• [What needs to be done]
For the word "induction", find each line in the entries where it occurs and copy that line.

==========

text \<open>Call a formula well behaved when b separates it from its negation. By (B4) and (B7)
  well-behavedness propagates up the chain \<open>\<alpha>, \<alpha>\<^sup>1, \<alpha>\<^sup>2, \<dots>\<close>, and a formula with
  b-value 0 is well behaved, so a 0 in \<open>\<nu>(\<alpha>)\<close> forces every later coordinate to be 1.
  Hence \<open>\<nu>(\<alpha>)\<close> has at most one 0, i.e. lies in \<open>B\<^sub>n\<close>, and it is \<open>T\<^sub>n\<close> or \<open>F\<^sub>n\<close>
  exactly when \<open>\<alpha>\<close> is well behaved; with (B8) this gives the valuation clauses.
  \<open>\<nu>(\<alpha>) = t\<^sup>n\<^sub>k\<close> says that \<open>\<alpha>, \<dots>, \<alpha>\<^sup>k\<close> hold together with their negations while
  \<open>\<alpha>\<^sup>k\<^sup>+\<^sup>1\<close> fails; passing to \<open>\<alpha>\<^sup>1\<close> shifts this pattern down by one, and for
  \<open>k = n - 1\<close> the new last coordinate \<open>\<alpha>\<^sup>n\<close> is false by (B6).\<close>

lemma Bn_iff:
  "z \<in> Bn n \<longleftrightarrow> length z = n + 1 \<and> (\<forall>i j. i < j \<longrightarrow> j \<le> n \<longrightarrow> z ! i \<or> z ! j)"
proof -
  have all_crd: "(\<forall>i\<in>{1..k}. crd z i) \<longleftrightarrow> (\<forall>i<k. z ! i)" for k
    by (auto simp: crd_def) (metis One_nat_def Suc_leI atLeastAtMost_iff diff_Suc_1 le_add1 plus_1_eq_Suc)
  show ?thesis
    unfolding Bn_def mem_Collect_eq all_crd
    apply (auto simp: crd_def)
    subgoal for i j by (drule spec[of _ j]) auto
    done
qed

lemma Tn_eq: "1 \<le> n \<Longrightarrow> Tn n = True # False # replicate (n - 1) True"
  by (simp add: Tn_def)

lemma Fn_eq: "1 \<le> n \<Longrightarrow> Fn n = False # True # replicate (n - 1) True"
  by (cases n) (simp_all add: Fn_def)

lemma tn_nth: "k < n \<Longrightarrow> i \<le> n \<Longrightarrow> tn n k ! i \<longleftrightarrow> i \<noteq> k + 2"
  by (auto simp: tn_def nth_list_update nth_Cons')

lemma length_tn: "length (tn n k) = n + 1"
  by (simp add: tn_def)

lemma cpow_add: "cpow (j + k) a = cpow j (cpow k a)"
  by (induction j) auto

text \<open>The clauses (B1)--(B8) in exactly the shape they have in \<open>bivaluation\<close>, so that
  \<open>Cn_bivaluationI\<close> only has to match conjuncts.\<close>
locale Cn_bivaluation =
  fixes n :: nat and b :: "fm \<Rightarrow> bool"
  assumes n_ge_2: "2 \<le> n"
    and FAnd_iff: "b (FAnd x y) \<longleftrightarrow> b x \<and> b y"
    and FOr_iff: "b (FOr x y) \<longleftrightarrow> b x \<or> b y"
    and FImp_iff: "b (FImp x y) \<longleftrightarrow> \<not> b x \<or> b y"
    and FNeg_if_not: "\<not> b x \<Longrightarrow> b (FNeg x)"
    and FNeg_FNeg_imp: "b (FNeg (FNeg x)) \<Longrightarrow> b x"
    and cpow_n_iff: "(b (cpow (n - 1) x) = b (FNeg (cpow (n - 1) x))) \<longleftrightarrow> \<not> b (cpow n x)"
    and cpow1_iff: "(b x = b (FNeg x)) \<longleftrightarrow> b (FNeg (cpow 1 x))"
    and connectives_preserve_separation: "b x \<noteq> b (FNeg x) \<and> b y \<noteq> b (FNeg y) \<Longrightarrow>
      b (FAnd x y) \<noteq> b (FNeg (FAnd x y)) \<and>
      b (FOr x y) \<noteq> b (FNeg (FOr x y)) \<and>
      b (FImp x y) \<noteq> b (FNeg (FImp x y))"

lemma Cn_bivaluationI: "2 \<le> n \<Longrightarrow> bivaluation n b \<Longrightarrow> Cn_bivaluation n b"
  unfolding Cn_bivaluation_def bivaluation_def by (elim conjE) (intro conjI; assumption)

context Cn_bivaluation
begin

definition well_behaved :: "fm \<Rightarrow> bool" where
  "well_behaved x \<longleftrightarrow> b x \<noteq> b (FNeg x)"

lemma FNeg_cpow1_iff: "b (FNeg (cpow 1 x)) \<longleftrightarrow> \<not> well_behaved x"
  using cpow1_iff by (simp add: well_behaved_def)

lemma well_behaved_binary:
  "well_behaved x \<Longrightarrow> well_behaved y \<Longrightarrow>
     well_behaved (FAnd x y) \<and> well_behaved (FOr x y) \<and> well_behaved (FImp x y)"
  using connectives_preserve_separation by (simp add: well_behaved_def)

lemma well_behaved_if_not: "\<not> b x \<Longrightarrow> well_behaved x"
  using FNeg_if_not well_behaved_def by blast

lemma cpow1_well_behaved:
  assumes "well_behaved x"
  shows "b (cpow 1 x) \<and> well_behaved (cpow 1 x)"
  using assms FNeg_cpow1_iff FNeg_if_not well_behaved_def by blast

lemma cpow_above_well_behaved:
  assumes "well_behaved (cpow j a)" and "j < m"
  shows "b (cpow m a) \<and> well_behaved (cpow m a)"
  using assms(2)
proof (induction m)
  case (Suc m)
  then have "well_behaved (cpow m a)"
    using assms(1) by (cases "j = m") auto
  then show ?case using cpow1_well_behaved[of "cpow m a"] by simp
qed simp

lemma FNeg_cpow_if_below_true:
  assumes "b (FNeg a)" and "\<forall>i<j. b (cpow i a)"
  shows "b (FNeg (cpow j a))"
  using assms(2)
proof (induction j)
  case 0
  then show ?case using assms(1) by simp
next
  case (Suc j)
  then have "\<not> well_behaved (cpow j a)"
    by (simp add: well_behaved_def)
  then show ?case using FNeg_cpow1_iff[of "cpow j a"] by simp
qed

text \<open>This is where the bound \<open>n\<close> of \<open>C\<^sub>n\<close> enters: the chain of formulas holding
  together with their negations cannot reach length \<open>n\<close>.\<close>
lemma not_cpow_n_if_below_true:
  assumes "b (FNeg a)" and "\<forall>i<n. b (cpow i a)"
  shows "\<not> b (cpow n a)"
proof -
  have "b (cpow (n - 1) a)" using assms(2) n_ge_2 by simp
  moreover have "b (FNeg (cpow (n - 1) a))"
    using FNeg_cpow_if_below_true assms by simp
  ultimately show ?thesis using cpow_n_iff[of a] by simp
qed

lemma length_bnu: "length (bnu n b a) = n + 1"
  using n_ge_2 by (simp add: bnu_def)

text \<open>The case \<open>i = 0\<close> is covered by truncated subtraction: \<open>cpow (0 - 1) a = a\<close>.\<close>
lemma bnu_nth:
  assumes "i \<le> n"
  shows "bnu n b a ! i = (if i = 1 then b (FNeg a) else b (cpow (i - 1) a))"
proof -
  consider "i = 0" | "i = 1" | j where "i = Suc (Suc j)" by (metis One_nat_def not0_implies_Suc)
  then show ?thesis
    by cases (use assms in \<open>auto simp: bnu_def nth_append\<close>)
qed

lemma bnu_nth_0 [simp]: "bnu n b a ! 0 = b a"
  and bnu_nth_1 [simp]: "bnu n b a ! Suc 0 = b (FNeg a)"
  by (simp_all add: bnu_def)

lemma well_behaved_if_bnu_nth_false:
  assumes "i \<le> n" and "\<not> bnu n b a ! i"
  shows "well_behaved (cpow (i - 1) a)"
  using assms bnu_nth[of i a] well_behaved_if_not FNeg_if_not
  by (auto simp: well_behaved_def split: if_splits)

lemma bnu_in_Bn: "bnu n b a \<in> Bn n"
  unfolding Bn_iff
proof (intro conjI allI impI length_bnu)
  fix i j assume "i < j" "j \<le> n"
  have "bnu n b a ! j" if false_i: "\<not> bnu n b a ! i"
  proof (cases "j = 1")
    case True
    then have "\<not> b a" using false_i \<open>i < j\<close> by simp
    then show ?thesis using True FNeg_if_not bnu_nth[of 1 a] n_ge_2 by simp
  next
    case False
    have "well_behaved (cpow (i - 1) a)"
      using well_behaved_if_bnu_nth_false false_i \<open>i < j\<close> \<open>j \<le> n\<close> by simp
    moreover have "i - 1 < j - 1" using \<open>i < j\<close> False by linarith
    ultimately have "b (cpow (j - 1) a)" using cpow_above_well_behaved by blast
    then show ?thesis using bnu_nth[of j a] False \<open>j \<le> n\<close> by simp
  qed
  then show "bnu n b a ! i \<or> bnu n b a ! j" by blast
qed

lemma bnu_well_behaved:
  assumes "well_behaved a"
  shows "bnu n b a = (if b a then Tn n else Fn n)"
proof -
  have "map (\<lambda>k. b (cpow k a)) [1..<n] = map (\<lambda>k. True) [1..<n]"
    using cpow_above_well_behaved[of 0 a] assms by simp
  then show ?thesis
    using assms n_ge_2 by (simp add: bnu_def Tn_eq Fn_eq map_replicate_const well_behaved_def)
qed

lemma bnu_in_Boon_iff: "bnu n b a \<in> Boon n \<longleftrightarrow> well_behaved a"
proof
  assume "bnu n b a \<in> Boon n"
  then show "well_behaved a"
    using n_ge_2 by (auto simp: Boon_def Tn_eq Fn_eq bnu_def well_behaved_def)
qed (simp add: bnu_well_behaved Boon_def)

lemma bnu_in_tneg: "bnu n b (FNeg a) \<in> tneg n (bnu n b a)"
  unfolding tneg_def using bnu_in_Bn FNeg_FNeg_imp by (auto simp: crd_def)

lemma bnu_in_tbin:
  assumes "b (C x y) \<longleftrightarrow> f (b x) (b y)"
    and "well_behaved x \<Longrightarrow> well_behaved y \<Longrightarrow> well_behaved (C x y)"
  shows "bnu n b (C x y) \<in> tbin n f (bnu n b x) (bnu n b y)"
  using assms bnu_in_Boon_iff bnu_in_Bn unfolding tbin_def by (auto simp: crd_def)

==========

• [Written response]
  by (induction j) auto
proof (induction m)
proof (induction j)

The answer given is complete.